Task description
The response should hold each line from the entries below where "else" is found.

══ Source data ══

(* Let $\kappa\in(8/3,8)$, $\alpha\in\mathbb R$ and $\mu$ a probability measure on $\mathbb R$. (i) If $\alpha=0$, then $\nu\mapsto\gamma_\kappa(\alpha,\nu)$ has a unique minimizer $\nu_0$ on $[0,\infty)$. (ii) If $\alpha>0$ and $\mu((0,\infty))>0$, or $\alpha<0$ and $\mu((-\infty,0))>0$, then $\nu\mapsto\gamma_\kappa(\alpha,\nu)$ has a unique minimizer $\nu_0$ on $[0,\infty)$, and $\nu_0>0$. (iii) If $\alpha>0$ and $\mu((0,\infty))=0$, or $\alpha<0$ and $\mu((-\infty,0))=0$, then $\gamma_\kappa(\alpha,\nu)=\infty$ for all $\nu\in[0,\infty)$.
   Context: Let $\Lambda_\mu(\lambda)=\log\int e^{\lambda x}\,d\mu(x)$, $\Lambda_\kappa(\lambda)=\log\big(-\cos(4\pi/\kappa)/\cos(\pi\sqrt{(1-4/\kappa)^2+8\lambda/\kappa})\big)$ for $\lambda<1-\frac2\kappa-\frac{3\kappa}{32}$ (with $\cos(\pi\sqrt{\cdot})=\cosh(\pi\sqrt{-\cdot})$ for negative argument) and $+\infty$ otherwise, and $\Lambda^\star(x)=\sup_\lambda(\lambda x-\Lambda(\lambda))$. Define $\gamma_\kappa(\alpha,\nu)=\nu\Lambda_\mu^\star(\alpha/\nu)+\nu\Lambda_\kappa^\star(1/\nu)$ for $\nu>0$; $\gamma_\kappa(\alpha,0)=\lim_{\nu'\downarrow0}\gamma_\kappa(\alpha,\nu')$ for $\alpha\neq0$; $\gamma_\kappa(0,0)=1-\frac2\kappa-\frac{3\kappa}{32}$. *)

theory Defs
  imports "HOL-Probability.Probability"
begin

definition Lambda_mu :: "real measure \<Rightarrow> real \<Rightarrow> ereal" where
  "Lambda_mu \<mu> l =
     (let I = (\<integral>\<^sup>+ x. ennreal (exp (l * x)) \<partial>\<mu>)
      in if I = \<infinity> then \<infinity> else ereal (ln (enn2real I)))"

definition cos_sqrt :: "real \<Rightarrow> real" where
  "cos_sqrt a = (if a \<ge> 0 then cos (pi * sqrt a) else cosh (pi * sqrt (- a)))"

definition Lambda_kappa :: "real \<Rightarrow> real \<Rightarrow> ereal" where
  "Lambda_kappa \<kappa> l =
     (if l < 1 - 2 / \<kappa> - 3 * \<kappa> / 32
      then ereal (ln (- cos (4 * pi / \<kappa>) /
                      cos_sqrt ((1 - 4 / \<kappa>)\<^sup>2 + 8 * l / \<kappa>)))
      else \<infinity>)"

definition legendre :: "(real \<Rightarrow> ereal) \<Rightarrow> real \<Rightarrow> ereal" where
  "legendre \<Lambda> x = (SUP l. ereal (l * x) - \<Lambda> l)"

definition gamma_pos :: "real \<Rightarrow> real measure \<Rightarrow> real \<Rightarrow> real \<Rightarrow> ereal" where
  "gamma_pos \<kappa> \<mu> \<alpha> \<nu> =
     ereal \<nu> * legendre (Lambda_mu \<mu>) (\<alpha> / \<nu>)
     + ereal \<nu> * legendre (Lambda_kappa \<kappa>) (1 / \<nu>)"

definition gamma_kappa :: "real \<Rightarrow> real measure \<Rightarrow> real \<Rightarrow> real \<Rightarrow> ereal" where
  "gamma_kappa \<kappa> \<mu> \<alpha> \<nu> =
     (if \<nu> > 0 then gamma_pos \<kappa> \<mu> \<alpha> \<nu>
      else if \<alpha> \<noteq> 0 then Lim (at_right 0) (gamma_pos \<kappa> \<mu> \<alpha>)
      else ereal (1 - 2 / \<kappa> - 3 * \<kappa> / 32))"

end

theory Submission
  imports Defs
begin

═══

Solution below
      in if I = \<infinity> then \<infinity> else ereal (ln (enn2real I)))"
  "cos_sqrt a = (if a \<ge> 0 then cos (pi * sqrt a) else cosh (pi * sqrt (- a)))"
      else \<infinity>)"
      else if \<alpha> \<noteq> 0 then Lim (at_right 0) (gamma_pos \<kappa> \<mu> \<alpha>)
      else ereal (1 - 2 / \<kappa> - 3 * \<kappa> / 32))"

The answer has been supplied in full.